## TASK DIRECTIONS
Looking through the data, please report how many lines contain the string "assms", giving nothing but the number.

# # #

lemma tree_size_eq_length: "tree_size t = length (leaves t)"
  by (induction t) auto

lemma choose_two_Suc: "Suc a choose 2 = (a choose 2) + a"
  by (simp add: numeral_2_eq_2)

text \<open>A crude polynomial bound; it only serves to show that the set of cophenetic
  values over which the minimum is taken is finite.\<close>
lemma coph_rec_le_cube: "coph_rec t \<le> tree_size t * tree_size t * tree_size t"
proof (induction t)
  case (Node l r)
  let ?a = "tree_size l" and ?b = "tree_size r"
  have choose_le_square: "x choose 2 \<le> x * x" for x :: nat
    by (simp add: choose_two) (meson div_le_dividend diff_le_self mult_le_mono2 order_trans)
  have "?a * ?a \<le> ?a * ?a * ?b" "?b * ?b \<le> ?a * ?b * ?b"
    using tree_size_pos[of l] tree_size_pos[of r] by simp_all
  then have "?a choose 2 \<le> ?a * ?a * ?b" "?b choose 2 \<le> ?a * ?b * ?b"
    using choose_le_square[of ?a] choose_le_square[of ?b] by linarith+
  moreover have "(?a + ?b) * (?a + ?b) * (?a + ?b)
      = ?a * ?a * ?a + ?b * ?b * ?b + 3 * (?a * ?a * ?b) + 3 * (?a * ?b * ?b)"
    by (simp add: algebra_simps)
  ultimately show ?case using Node.IH by simp
qed simp

section \<open>The cophenetic index depends only on the shape\<close>

definition ordered_pairs :: "nat set \<Rightarrow> (nat \<times> nat) set" where
  "ordered_pairs X = {(i, j). i \<in> X \<and> j \<in> X \<and> i < j}"

lemma finite_ordered_pairs: "finite X \<Longrightarrow> finite (ordered_pairs X)"
  by (rule finite_subset[of _ "X \<times> X"]) (auto simp: ordered_pairs_def)

text \<open>Ordered pairs correspond to 2-element subsets.\<close>
lemma card_ordered_pairs:
  assumes "finite X"
  shows "card (ordered_pairs X) = card X choose 2"
proof -
  let ?two_subsets = "{B. B \<subseteq> X \<and> card B = 2}"
  let ?as_set = "\<lambda>(i :: nat, j). {i, j}"
  have inj: "inj_on ?as_set (ordered_pairs X)"
    by (auto simp: inj_on_def ordered_pairs_def doubleton_eq_iff)
  have "?as_set ` ordered_pairs X = ?two_subsets"
  proof
    show "?as_set ` ordered_pairs X \<subseteq> ?two_subsets"
      by (auto simp: ordered_pairs_def)
    show "?two_subsets \<subseteq> ?as_set ` ordered_pairs X"
    proof
      fix B assume "B \<in> ?two_subsets"
      then obtain x y where B: "B = {x, y}" "x \<noteq> y" "B \<subseteq> X"
        by (auto simp: card_2_iff)
      then have "(min x y, max x y) \<in> ordered_pairs X"
        by (auto simp: ordered_pairs_def min_def max_def)
      moreover have "B = ?as_set (min x y, max x y)"
        using B by (auto simp: min_def max_def)
      ultimately show "B \<in> ?as_set ` ordered_pairs X" by (rule rev_image_eqI)
    qed
  qed
  then have "card (ordered_pairs X) = card ?two_subsets"
    using card_image[OF inj] by simp
  also have "\<dots> = card X choose 2" using assms by (rule n_subsets)
  finally show ?thesis .
qed

lemma sum_eq_card_plus:
  fixes f g :: "'a \<Rightarrow> nat"
  assumes "\<And>x. x \<in> A \<Longrightarrow> f x = 1 + g x"
  shows "sum f A = card A + sum g A"
proof -
  have "sum f A = (\<Sum>x\<in>A. 1 + g x)" using assms by (rule sum.cong[OF refl])
  also have "\<dots> = card A + sum g A" by (simp only: sum.distrib) simp
  finally show ?thesis .
qed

# # #

## EXERCISE ANSWER
2